Я скривила ухмылку. Вот она, кошачья сущность и верность. А больно-то как, просто слов не подобрать! Всю душу он мне вывернул!
— Валерия, она… твоя мать.
Эти слова были сродни удару током или молотком по моим пальцам. Я уставилась на шеатара, не в силах осознать услышанное.

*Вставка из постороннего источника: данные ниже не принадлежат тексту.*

lemma eigvals_congruence_add_gram:
  fixes A B M0 :: "complex mat" and \<gamma> :: real
  assumes A: "A \<in> carrier_mat n n" and B: "B \<in> carrier_mat m n" and M0: "M0 \<in> carrier_mat n n"
    and diag: "diagonal_mat M0" and pos: "\<forall>i < n. M0 $$ (i, i) \<in> \<real> \<and> 0 < Re (M0 $$ (i, i))"
    and \<gamma>: "\<gamma> > 0" and BA: "B * A = 0\<^sub>m m n"
  shows "eigvals (A * M0 * mat_adjoint A + complex_of_real \<gamma> \<cdot>\<^sub>m (mat_adjoint B * B))
         = replicate_mset (subspace_dim n (mat_kernel (mat_adjoint A) \<inter> mat_kernel B)) 0
           + pos_eigvals (A * M0 * mat_adjoint A)
           + image_mset (\<lambda>z. complex_of_real \<gamma> * z) (pos_eigvals (mat_adjoint B * B))"
proof -
  define c where "c = complex_of_real \<gamma>"
  define E where "E = c \<cdot>\<^sub>m 1\<^sub>m m"
  define P where "P = A * M0 * mat_adjoint A"
  define G where "G = mat_adjoint B * E * mat_adjoint (mat_adjoint B)"
  have Bd: "mat_adjoint B \<in> carrier_mat n m" and E: "E \<in> carrier_mat m m"
    using B unfolding E_def by auto
  have P: "P \<in> carrier_mat n n" and G: "G \<in> carrier_mat n n"
    using A M0 B Bd E unfolding P_def G_def by auto
  have "0 < c" using \<gamma> unfolding c_def by (simp add: less_complex_def)
  then have pdE: "pd_mat E" and hermE: "mat_adjoint E = E"
    unfolding E_def by (auto intro!: pd_mat_diagonal eq_matI simp: diagonal_mat_def c_def)
  have pdM0: "pd_mat M0" using pd_mat_diagonal[OF M0 diag] pos by (simp add: complex_pos_iff)
  have hermM0: "mat_adjoint M0 = M0"
    using mat_adjoint_diagonal[OF M0 diag] pos by (simp add: Reals_cnj_iff)
  have "mat_adjoint B * E = c \<cdot>\<^sub>m mat_adjoint B"
    unfolding E_def using mult_smult_distrib[OF Bd one_carrier_mat] right_mult_one_mat[OF Bd] by simp
  then have G_smult: "G = c \<cdot>\<^sub>m (mat_adjoint B * B)"
    unfolding G_def by (simp add: mult_smult_assoc_mat[OF Bd B])
  have "P * G = 0\<^sub>m n n"
    unfolding G_smult P_def using mult_smult_distrib[OF P mult_carrier_mat[OF Bd B]]
      congruence_mult_gram_eq_0[OF A M0 B BA] P_def by simp
  then have "eigvals (P + G) = replicate_mset (kernel_dim (P + G)) 0 + pos_eigvals P + pos_eigvals G"
    using P G psd_mat_congruence[OF A M0 pd_imp_psd_mat[OF pdM0]]
      psd_mat_congruence[OF Bd E pd_imp_psd_mat[OF pdE]]
      mat_adjoint_congruence[OF A M0 hermM0] mat_adjoint_congruence[OF Bd E hermE]
    unfolding P_def G_def by (intro eigvals_add_psd_mat) auto
  moreover have "kernel_dim (P + G) = subspace_dim n (mat_kernel (mat_adjoint A) \<inter> mat_kernel B)"
    using kernel_dim_eq_subspace_dim mat_kernel_add_congruence[OF A M0 pdM0 Bd E pdE] P B
    unfolding P_def G_def by simp
  moreover have "pos_eigvals G = image_mset (\<lambda>z. c * z) (pos_eigvals (mat_adjoint B * B))"
    unfolding G_smult c_def by (rule pos_eigvals_smult[OF mult_carrier_mat[OF Bd B] \<gamma>])
  ultimately show ?thesis unfolding P_def G_smult c_def by simp
qed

— Мама? Её фамилия Стенфорд?
— Да. Кстати, помнишь те фотографии, на которых не видна твоя беременность? Как оказалось, среди оборотней тоже встречаются идиоты или даже предатели. Так вот. Твоя мать сейчас живёт с одним ирбисом. Его сын отличный айтишник, служащий у нас. Именно через него фотографии с Земли попадали ко мне на стол. А те, на которых была видна беременность, — рука мужа коснулась моего живота, — просто стирались. Этот…недоумок, в нарушение всех инструкций порой работал дома. Таким образом, Валерия увидела твои фото.
— Он изымал другие, — вслух произнесла я, — но зачем? И это тоже? — Глазами указала на постель.
— На допросе этот самый спец признался, что твоя мать не питает к тебе нежных чувств. А вот к его отцу — да. Ты ей помешала.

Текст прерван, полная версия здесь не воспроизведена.